#### TASK DATA

(* Let $f:\mathcal{D}\to\mathbb{R}$ be real-analytic and $\tau(f)$-strongly convex on the open set $\mathcal{D}\subseteq\mathbb{R}^n$, satisfying the holomorphic extension assumption for some $\bar\delta\in(0,1)$, and let $\mathcal{K}\subset\mathcal{D}$ be compact and convex. Suppose $f$ has Lipschitz Hessian on $\mathcal{K}$ with a nonzero constant $L_2(f)$. Let $\{x_k\}_{k\ge1}$ be generated by Algorithm (b) (projected, onto $\mathcal{K}$, with $x_1\in\mathcal{K}$) with stepsizes $\mu_k=2/(\tau(f)k)$ and smoothing parameters $\delta_k=\delta k^{-1/6}$, where $\delta\in(0,\kappa\bar\delta]$ for some $\kappa\in(0,1)$, and suppose the oracle is the stochastic complex oracle with noise second moment bound $\sigma_\xi$ and independent noise. Let $x^\star$ be the minimizer of $f$ over $\mathcal{K}$ and $\bar x_K=K^{-1}\sum_{k=1}^K x_k$. Then $$\mathbb{E}[f(\bar x_K)-f(x^\star)]\le\widetilde O\!\left(\frac{n^2}{\tau(f)}\,\delta^{-1/3}\sigma_\xi\,K^{-2/3}\right),$$ where $\widetilde O$ hides factors polylogarithmic in $K$ and constants independent of $K$.
   Context: Standing setup. $\mathcal{D}\subseteq\mathbb{R}^n$ open, $f:\mathcal{D}\to\mathbb{R}$ real-analytic. Holomorphic extension assumption: $f$ admits a holomorphic extension to $\{x+iy: x\in\mathcal{D}, y\in(-\bar\delta,\bar\delta)^n\}\subset\mathbb{C}^n$ for some $\bar\delta\in(0,1)$. Stochastic complex oracle: on query $z$ in that set it returns $\Im(f(z))+\xi$, where $\xi$ is a real random variable with $\mathbb{E}[\xi]=0$, $\mathbb{E}[\xi^2]\le\sigma_\xi$ ($\sigma_\xi>0$); the noise is drawn independently of the random directions $u_k$ (fresh noise at each query). Algorithm 1: given $x_1\in\mathcal{X}$, stepsizes $\{\mu_k\}$ and smoothing parameters $\{\delta_k\}$, for $k=1,\dots,K$: draw $u_k$ uniformly on $\mathbb{S}^{n-1}$ (independently), set $g_{\delta_k}(x_k)=\frac{n}{\delta_k}\Im(f(x_k+i\delta_ku_k))u_k+\frac{n}{\delta_k}\xi_ku_k$ (the oracle output times $\frac{n}{\delta_k}u_k$), and $x_{k+1}=\Pi_{\mathcal{X}}(x_k-\mu_kg_{\delta_k}(x_k))$. Variant (a): $\mathcal{X}=\mathcal{D}$ (no projection); variant (b): $\mathcal{X}=\mathcal{K}\subset\mathcal{D}$ with $\Pi_{\mathcal{K}}$ the Euclidean projection onto $\mathcal{K}$. $f$ is $\tau(f)$-strongly convex if $f(y)\ge f(x)+\langle\nabla f(x),y-x\rangle+\tfrac12\tau(f)\|y-x\|_2^2$ for all $x,y\in\mathcal{D}$. Lipschitz Hessian with constant $L_2(f)$: $\|\nabla^2f(x)-\nabla^2f(y)\|_2\le L_2(f)\|x-y\|_2$. Expectations are over all randomness (directions and noise). *)

theory Defs
  imports "HOL-Probability.Probability"
begin

definition cvec :: "real^'n \<Rightarrow> real^'n \<Rightarrow> complex^'n" where
  "cvec x y = (\<chi> j. Complex (x $ j) (y $ j))"

text \<open>Holomorphy of a function of several complex variables on a set S:
  complex (Frechet) differentiability, i.e. the real derivative exists and is
  complex-linear (commutes with multiplication by the imaginary unit).\<close>
definition holomorphic_vec_on :: "(complex^'n \<Rightarrow> complex) \<Rightarrow> (complex^'n) set \<Rightarrow> bool" where
  "holomorphic_vec_on F S \<longleftrightarrow>
     (\<forall>z\<in>S. \<exists>F'. (F has_derivative F') (at z) \<and>
                  (\<forall>v. F' (\<chi> j. \<i> * v $ j) = \<i> * F' v))"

########

▶ **WHAT IS EXPECTED**: Only the lines from the one bearing "F S \<longleftrightarrow>" through the end of the entries above belong in the answer, each one exactly as given.

▶ **RESPONSE TO THE TASK**:
  "holomorphic_vec_on F S \<longleftrightarrow>
     (\<forall>z\<in>S. \<exists>F'. (F has_derivative F') (at z) \<and>
                  (\<forall>v. F' (\<chi> j. \<i> * v $ j) = \<i> * F' v))"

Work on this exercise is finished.